TEATRO PARA DANÇAR

domingo, 31 de agosto de 2014

De quando viramos manteiga derretida.

A trupe teatral FABRICARTE, agradou o público adulto e infantil ontem, dia 31 de agosto de 2014, no Teatro Municipal de Cabo Frio, Inah de Azevedo Mureb. Foi um show de encantamento com a cumplicidade de um público eclético. A peça teve uma "pegada" cênica que transformou até o expectador mais duro, "numa manteiga derretida"! Isso mesmo, não foram poucas as gargalhadas arrancadas das vísceras dos marmanjos que, junto com seus filhos, se esbaldaram de tanto rir, com direito a momentos de emoção. Sorrisos que não paravam de brotar, vindos de todas as direções.
Um pouco antes de entrarmos no teatro, um painel com fotos do grupo, mostrou que, durante os últimos 10 anos eles não pararam de trabalhar, e quem prestou atenção naquelas fotos, percebeu uma mesma formação de atores, com variações pra mais, em alguns espetáculos e sempre com um núcleo que se repetiu de um espetáculo para outro, sob a batuta de um mesmo diretor, Cesar Valentin. e que deu aos trabalhos, cada vez mais, a segurança de uma assinatura cênica com qualidade que só é possível conquistar, quando se respeita a qualidade e se defende uma marca.
As mudanças de textura e cor do cenário, ora por intervenção da iluminação, ora pela própria interatividade dos atores, deu grande vigor ao espetáculo.
Já o espetáculo da vez, "No Quintal da Imaginação", nos faz ver um elenco que entra em cena de forma simples. Ricardo Amorim, Manuela de Lellis e Rafaela Solano, se entregaram ás personagens e deixaram-se levar pelo contexto e o enredo da peça, assim, com seus corpos adultos na pele de crianças, fizeram suas performances focadas muito mais na ética do que na estética - explico  -  não era um exercício mirabolante de "linguagem contemporânea de teatro experimental chato"; foi apenas teatro e nada mais. Isso mesmo, aquela coisa milenar, onde, três atores simplesmente, decidem brincar e expor sua veia artística interpretando a forma mais traiçoeira de personagem: crianças, e, consequência de verdade cênica atenta, acabam arrastando o público para uma viagem incrível superando qualquer tipo de estereótipo com seus talentos certeiros.
Nada pode ser mais delicioso do que um cenário todo branco, que vai, aos poucos, sendo "pintado" de cabo a rabo pelas personagens. A peça começa completamente em branco e preto, com nuances de teatro de sombras e, de repente, uma guerra de tinta, pincéis e pós coloridos, dão cores ao espetáculo, causando frenesi no público que mal continha a vontade de invadir o palco; foram impedidos pela mão segura e atenta do diretor, Cesinha (Cezar Valentim) manteve tudo na quarta parede fazendo com que, a fluidez de cada cena acontecesse com um encadeamento e ritmo impressionantes. Destacou-se também, a profusão de adereços que foram surgindo de figurinos não menos surpreendentes. A harmonia entre cor e movimento, fez o espetáculo surgir aos nossos olhos como uma pintura modernista.
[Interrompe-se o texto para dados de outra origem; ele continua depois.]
lemma tail_covered_mod_6_2:
  assumes n: "n = 6 * k + 2" "n \<ge> 4" and c: "6 * k - 6 \<le> c" "c < n" and r: "r < 4"
  shows "\<exists>w. covers n (tiling_bcast n) w (r, c)"
proof -
  note cov = covers_site[where f = "tiling_bcast n"]
  obtain j where k: "k = j + 1" using n by (cases k) auto
  have H: "tiling_bcast n (0, 6 * j) = 2" "tiling_bcast n (2, 6 * j + 2) = 1" "tiling_bcast n (0, 6 * j + 3) = 1"
    "tiling_bcast n (2, 6 * j + 5) = 2" "tiling_bcast n (0, 0) = 2"
    using tiling_bcast_values[OF n(1) _ n(2)] k by (simp_all add: algebra_simps)
  have V: "(0, 6 * j) \<in> torus_V 4 n" "(2, 6 * j + 2) \<in> torus_V 4 n" "(0, 6 * j + 3) \<in> torus_V 4 n"
    "(2, 6 * j + 5) \<in> torus_V 4 n" "(0, 0) \<in> torus_V 4 n"
    using n k by (simp_all add: mem_torus_V)
  obtain i where "c = 6 * j + i" "i < 8" using c n k le_Suc_ex by fastforce
  moreover from this have "i = 0 \<or> i = 1 \<or> i = 2 \<or> i = 3 \<or> i = 4 \<or> i = 5 \<or> i = 6 \<or> i = 7"
    "r = 0 \<or> r = 1 \<or> r = 2 \<or> r = 3" using r by auto
  ultimately show ?thesis
    using cov[OF H(1) _ V(1), of c 0] cov[OF H(1) _ V(1), of c 1] cov[OF H(1) _ V(1), of c 2]
      cov[OF H(2) _ V(2), of c "-1"] cov[OF H(2) _ V(2), of c 0]
      cov[OF H(3) _ V(3), of c 0] cov[OF H(3) _ V(3), of c 1]
      cov[OF H(4) _ V(4), of c "-2"] cov[OF H(4) _ V(4), of c "-1"] cov[OF H(4) _ V(4), of c 0]
      cov[OF H(4) _ V(4), of c 1] cov[OF H(4) _ V(4), of c 2]
      cov[OF H(5) _ V(5), of c "-2"] cov[OF H(5) _ V(5), of c "-1"] n k
    by (elim disjE) simp_all
qed

lemma tiling_bcast_covers:
  assumes n: "n \<ge> 4" and u: "u \<in> torus_V 4 n"
  shows "\<exists>w. covers n (tiling_bcast n) w u"
proof -
  define k s where "k = n div 6" and "s = n mod 6"
  have ks: "n = 6 * k + s" "s < 6" by (simp_all add: k_def s_def)
  obtain r c where u: "u = (r, c)" "r < 4" "c < n" using u by (cases u) (auto simp: mem_torus_V)
  show ?thesis
  proof (cases "c < 6 * k \<and> (s = 2 \<longrightarrow> c div 6 + 1 < k)")
    case True
    define q where "q = c div 6"
    have q: "q < k" "c = 6 * q + c mod 6" using True by (auto simp: q_def)
    define b where "b = (if q + 1 < k then 6 * q + 6 else if s = 0 then 0 else 6 * k)"
    have "tiling_bcast n (0, 6 * q + 6) = 2" if "q + 1 < k"
      using tiling_bcast_block_0[OF ks n that] by (simp add: algebra_simps)
    then have "tiling_bcast n (0, b) = 2"
      using True q tiling_bcast_values[OF ks n] by (auto simp: b_def q_def)
    moreover have "b < n" "b = 6 * q + 6 \<or> b + n = 6 * q + 6"
      using True q ks by (auto simp: b_def q_def)
    moreover have "6 * q + 5 < n" "s = 2 \<longrightarrow> q + 1 < k" using True q ks by (auto simp: q_def)
    ultimately have "\<exists>w. covers n (tiling_bcast n) w (r, 6 * q + c mod 6)"
      using block_covered[OF tiling_bcast_block_0[OF ks n q(1)] tiling_bcast_block_3[OF ks n q(1)], of b n "c mod 6" r]
        u by simp
    then show ?thesis using u q by simp
  next
    case False
    have "s = 0 \<or> s = 1 \<or> s = 2 \<or> s = 3 \<or> s = 4 \<or> s = 5" using ks by arith
    then show ?thesis
      using False u ks n tail_covered_mod_6_1[of n k c r] tail_covered_mod_6_2[of n k c r]
        tail_covered_mod_6_3[of n k c r] tail_covered_mod_6_4[of n k c r] tail_covered_mod_6_5[of n k c r]
      by (elim disjE) auto
  qed
qed

lemma dominating_tiling_bcast:
  assumes "n \<ge> 4"
  shows "dominating_bcast2 (torus_V 4 n) (torus_E 4 n) (tiling_bcast n)"
proof -
  have "broadcast2 (torus_V 4 n) (tiling_bcast n)"
    unfolding broadcast2_def tiling_bcast_def by simp
  then show ?thesis
    using assms tiling_bcast_covers dominating_bcast2_torus_iff[of n] by simp
qed

theorem theorem4p3:
  fixes n :: nat
  assumes "n \<ge> 4"
  shows "gamma_b2 (torus_V 4 n) (torus_E 4 n) =
           4 * (n div 6) +
           (if n mod 6 = 0 then 0
            else if n mod 6 = 1 \<or> n mod 6 = 2 then 2
            else if n mod 6 = 3 \<or> n mod 6 = 4 then 3
            else 4)"
proof -
  have "gamma_b2 (torus_V 4 n) (torus_E 4 n) = gamma_formula n"
    unfolding gamma_b2_def
  proof (rule Least_equality)
    show "\<exists>f. dominating_bcast2 (torus_V 4 n) (torus_E 4 n) f \<and> bcast_cost (torus_V 4 n) f = gamma_formula n"
      using dominating_tiling_bcast[OF assms] bcast_cost_tiling_le[OF assms]
        gamma_formula_le_cost[OF assms] le_antisym by blast
  qed (use gamma_formula_le_cost[OF assms] in blast)
  then show ?thesis by (simp add: gamma_formula_def)
qed

end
Manuela de Lellis, Ricardo Amorim e Rafaela Solano, saúdam uma platéia cheia. A família cabofriense compareceu e, pelo visto, gostou! Os aplausos foram conquistados, definitivamente.
Vale destacar a dramaturgia, um texto infantil que não pode, em hipótese alguma, ser confundido com "infantiloide". A caneta de Cesar Valentim é profunda e ao mesmo tempo alegre, deixou um rastro lúdico em cada respiração das cenas tão bem construídas. Foi bonito ouvir os estudantes-escritores do NUDRA (Núcleo de Dramaturgia do Oficena), comentarem sobre o excelente material disposto para a reflexão da platéia, como o fato de, a  peça tratar de um tema tão pesado como a censura e ao mesmo tempo questionar comportamentos políticos como a ditadura dos "marchas soldados", na verdade, as pequenas ditaduras existentes no seio da família brasileira, aquela que decide quando e como os filhos devem brincar, quando não os proíbem. Embora sejam "pancadinhas de amor", a ludicidade não mascarou a força do texto e a mensagem foi direto ao coração dos pais, que pareciam olhar para as crianças; dando razão às personagens da peça.